Data records Start Marker

(* Let $K\subset\mathbb{R}^m$ be a pointed, closed, convex cone with nonempty interior which is finitely generated, let $C\subset\mathbb{R}^m$ be a finite set with $0\notin C$ and $K^*=\operatorname{cone}(\operatorname{conv}(C))$, and let $F:\mathbb{R}^n\to\mathbb{R}^m$ be continuously differentiable. Define $h(x,d)=\max\{\langle JF(x)d,w\rangle : w\in C\}$ and $v(x)=\arg\min_{d}\{h(x,d)+\tfrac12\|d\|^2\}$. Fix $0<\rho<1$, $0<\delta<1$, $\mu>2$, and $e\in\operatorname{int}(K)$ with $\langle w,e\rangle\le1$ for all $w\in C$. Let $x^0\in\mathbb{R}^n$ and assume: (A1) there is an open set $\Lambda$ containing $\mathcal{L}=\{x: F(x)\preceq_K F(x^0)\}$ such that $\|JF(x)-JF(y)\|\le L\|x-y\|$ for all $x,y\in\Lambda$; (A2) every sequence $\{D_k\}\subset F(\mathcal{L})$ with $D_{k+1}\preceq_K D_k$ for all $k$ admits $D\in\mathbb{R}^m$ with $D\preceq_K D_k$ for all $k$. Let $\{x^k\}$ be an infinite sequence generated as follows: $d^0=v(x^0)$; for $k\ge1$, $d^k=v(x^k)+\beta_k d^{k-1}$ with $$\beta_k=\frac{-h(x^k,v(x^k))\big(|h(x^{k-1},v(x^k))|+h(x^{k-1},v(x^k))\big)}{\max\big\{\mu|h(x^k,d^{k-1})h(x^{k-1},v(x^k))|,\ -\mu h(x^{k-1},v(x^{k-1}))|h(x^{k-1},v(x^k))|\big\}};$$ $x^{k+1}=x^k+\alpha_kd^k$, where, with $\tau_k=-h(x^k,d^k)/\|d^k\|^2$, $\alpha_k$ is the largest element of $\{\tau_k,\delta\tau_k,\delta^2\tau_k,\dots\}$ satisfying the Armijo condition $$F(x^k+\alpha_kd^k)\preceq_K F(x^k)+\rho\alpha_k h(x^k,d^k)e.$$ Then $$\sum_{k\ge0}\frac{h^2(x^k,d^k)}{\|d^k\|^2}<\infty.$$
   Context: $u\preceq_K v$ means $v-u\in K$. $K^*$ is the positive polar cone of $K$ and $JF$ the Jacobian of $F$. The sequence is assumed infinite, i.e. $v(x^k)\neq0$ for all $k$ (equivalently no $x^k$ is a $K$-Pareto critical point). *)

theory Defs
  imports "HOL-Analysis.Analysis"
begin

definition cone_le :: "'a::real_vector set \<Rightarrow> 'a \<Rightarrow> 'a \<Rightarrow> bool" where
  "cone_le K u v \<longleftrightarrow> v - u \<in> K"

definition pos_polar :: "'a::real_inner set \<Rightarrow> 'a set" where
  "pos_polar K = {w. \<forall>k\<in>K. 0 \<le> w \<bullet> k}"

definition pointed :: "'a::real_vector set \<Rightarrow> bool" where
  "pointed K \<longleftrightarrow> K \<inter> uminus ` K \<subseteq> {0}"

text \<open>h(x,d) = max { <JF(x) d, w> : w \<in> C }, where J x is the Jacobian matrix of F at x.\<close>
definition hfun :: "(real^'n::finite \<Rightarrow> real^'n^'m::finite) \<Rightarrow> (real^'m) set \<Rightarrow> real^'n \<Rightarrow> real^'n \<Rightarrow> real" where
  "hfun J C x d = Max ((\<lambda>w. (J x *v d) \<bullet> w) ` C)"
(* Let $F$ be a strictly increasing toxicity-rate function with values in $[0,1]$, let $d_1<\dots<d_m$ be fixed dose levels, and let $p\in(0,1/2)$ be the target rate. Suppose that for some index $u^*\ge 2$ we have $F(d_{u^*})=p$ (so $d_{u^*}$ is the MTD) and $F(d_{u^*-1})<p$. Consider the point design defined in the context, using cohorts of size $k\ge1$, started at a dose below $d_{u^*}$, with toxicity responses independent $\mathrm{Bernoulli}(F(x))$ at the assigned dose $x$. Then with positive probability the dose allocations do not converge to $d_{u^*}$.
   Context: Point design: cohorts of $k$ subjects are treated successively, the first at a chosen starting dose. For each level $d_u$ with observations, $\hat F(d_u)$ is the observed toxicity frequency at $d_u$ (possibly monotonized across levels by isotonic regression). After each cohort, the next cohort is allocated to the level whose $\hat F(d_u)$ is closest to $p$; except that if the highest dose $d_u$ for which an estimate is available has $\hat F(d_u)<p$, the design escalates to $d_{u+1}$ (boundary permitting), and if the lowest dose $d_u$ with an estimate has $\hat F(d_u)>p$, it de-escalates to $d_{u-1}$ (boundary permitting). Convergence to $d_{u^*}$ means that from some cohort on, all cohorts are allocated to $d_{u^*}$. *)

theory Defs
  imports "HOL-Probability.Probability"
begin

text \<open>Dose levels are indexed 1..m.  A design state after some cohorts consists of
  N u = number of subjects treated at level u, T u = number of toxicities at level u,
  and the level to which the next cohort is allocated.\<close>

type_synonym design_state = "(nat \<Rightarrow> nat) \<times> (nat \<Rightarrow> nat) \<times> nat"

definition observed :: "nat \<Rightarrow> (nat \<Rightarrow> nat) \<Rightarrow> nat set" where
  "observed m N = {u \<in> {1..m}. 0 < N u}"

text \<open>Observed toxicity frequency at level u (raw, not monotonized).\<close>
definition est :: "(nat \<Rightarrow> nat) \<Rightarrow> (nat \<Rightarrow> nat) \<Rightarrow> nat \<Rightarrow> real" where
  "est N T u = real (T u) / real (N u)"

Data records End Marker

• Task directions: Among the lines above, which ones hold the string "bullet"? Show them.

• Task solution:
  "pos_polar K = {w. \<forall>k\<in>K. 0 \<le> w \<bullet> k}"
  "hfun J C x d = Max ((\<lambda>w. (J x *v d) \<bullet> w) ` C)"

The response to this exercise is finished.